## [What is needed]
Pull out every line below holding the word "point".

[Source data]
>>>>>
(* Let $\alpha,\beta>0$ with $\beta>\alpha$, and let $S_0,I_0$ satisfy $S_0>I_0>0$, $S_0+I_0=1$ and $S_0>\alpha/\beta$. Let $(S(t),I(t),R(t))$ be the solution of $$\dot S=-\frac{\beta SI}{S+I},\qquad \dot I=\frac{\beta SI}{S+I}-\alpha I,\qquad \dot R=\alpha I$$ with $S(0)=S_0$, $I(0)=I_0$, $R(0)=0$. Then any two of the curves $S(t)$, $I(t)$, $R(t)$ (for $t>0$) intersect exactly once. Furthermore, letting $t_{\mathrm{peak}}>0$ denote the time at which $I(t)$ attains its maximum: (i) the curves $S(t)$ and $I(t)$ intersect before $t_{\mathrm{peak}}$ if $\beta>2\alpha$, exactly at $t_{\mathrm{peak}}$ if $\beta=2\alpha$, and after $t_{\mathrm{peak}}$ if $\beta<2\alpha$; (ii) the three curves $S(t)$, $I(t)$, $R(t)$ intersect in a common point if and only if $\frac{\beta}{\alpha}<\frac{\log 3}{\log 3-\log 2}$ and $S_0=\frac13\left(\frac32\right)^{\beta/\alpha}$; (iii) the three curves intersect in a common point located at $t=t_{\mathrm{peak}}$ if and only if $\beta=2\alpha$ and $S_0=\frac34$.
   Context: Modified SIR epidemiological model with recovery rate $\alpha$ and transmission rate $\beta$; $S,I,R$ are fractions of susceptible, infective and removed individuals, with total population $S+I+R=1$. *)

theory Defs
  imports Complex_Main
begin

end

theory Submission
  imports Defs "HOL-Analysis.Analysis"
begin

text \<open>
  Put N = S + I and \<kappa> = \<beta>/\<alpha>. The total S + I + R is conserved and S N^(-\<kappa>) is a first
  integral, so along the solution S = S0 N^\<kappa>, I = N - S0 N^\<kappa> and R = 1 - N; positivity of
  S and I propagates along time by a first-failure argument. As N' = -\<alpha> I < 0 and
  N(t) <= exp(-\<alpha> (1 - S0) t), N is a decreasing bijection from (0,\<infinity>) onto (0,1), so each
  claim becomes a statement about an explicit function of n = N(t) in (0,1): S = I iff
  2 S0 n^(\<kappa>-1) = 1, S = R iff S0 n^\<kappa> = 1 - n, I = R iff the concave equation
  2n - S0 n^\<kappa> = 1 holds, and I is maximal iff \<kappa> S0 n^(\<kappa>-1) = 1. Comparing the last
  condition with the first orders crossing and peak by the sign of \<kappa> - 2, and a triple
  point is a time where N = 2/3 and S = 1/3.
\<close>

lemma linear_minus_powr_deriv:
  fixes a c k z :: real
  assumes "0 < z"
  shows "((\<lambda>n. a * n - c * n powr k) has_real_derivative a - c * (k * z powr (k - 1))) (at z)"
  using assms by (auto intro!: derivative_eq_intros)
<<<<<
## [Solution for this problem]
(* Let $\alpha,\beta>0$ with $\beta>\alpha$, and let $S_0,I_0$ satisfy $S_0>I_0>0$, $S_0+I_0=1$ and $S_0>\alpha/\beta$. Let $(S(t),I(t),R(t))$ be the solution of $$\dot S=-\frac{\beta SI}{S+I},\qquad \dot I=\frac{\beta SI}{S+I}-\alpha I,\qquad \dot R=\alpha I$$ with $S(0)=S_0$, $I(0)=I_0$, $R(0)=0$. Then any two of the curves $S(t)$, $I(t)$, $R(t)$ (for $t>0$) intersect exactly once. Furthermore, letting $t_{\mathrm{peak}}>0$ denote the time at which $I(t)$ attains its maximum: (i) the curves $S(t)$ and $I(t)$ intersect before $t_{\mathrm{peak}}$ if $\beta>2\alpha$, exactly at $t_{\mathrm{peak}}$ if $\beta=2\alpha$, and after $t_{\mathrm{peak}}$ if $\beta<2\alpha$; (ii) the three curves $S(t)$, $I(t)$, $R(t)$ intersect in a common point if and only if $\frac{\beta}{\alpha}<\frac{\log 3}{\log 3-\log 2}$ and $S_0=\frac13\left(\frac32\right)^{\beta/\alpha}$; (iii) the three curves intersect in a common point located at $t=t_{\mathrm{peak}}$ if and only if $\beta=2\alpha$ and $S_0=\frac34$.
  point is a time where N = 2/3 and S = 1/3.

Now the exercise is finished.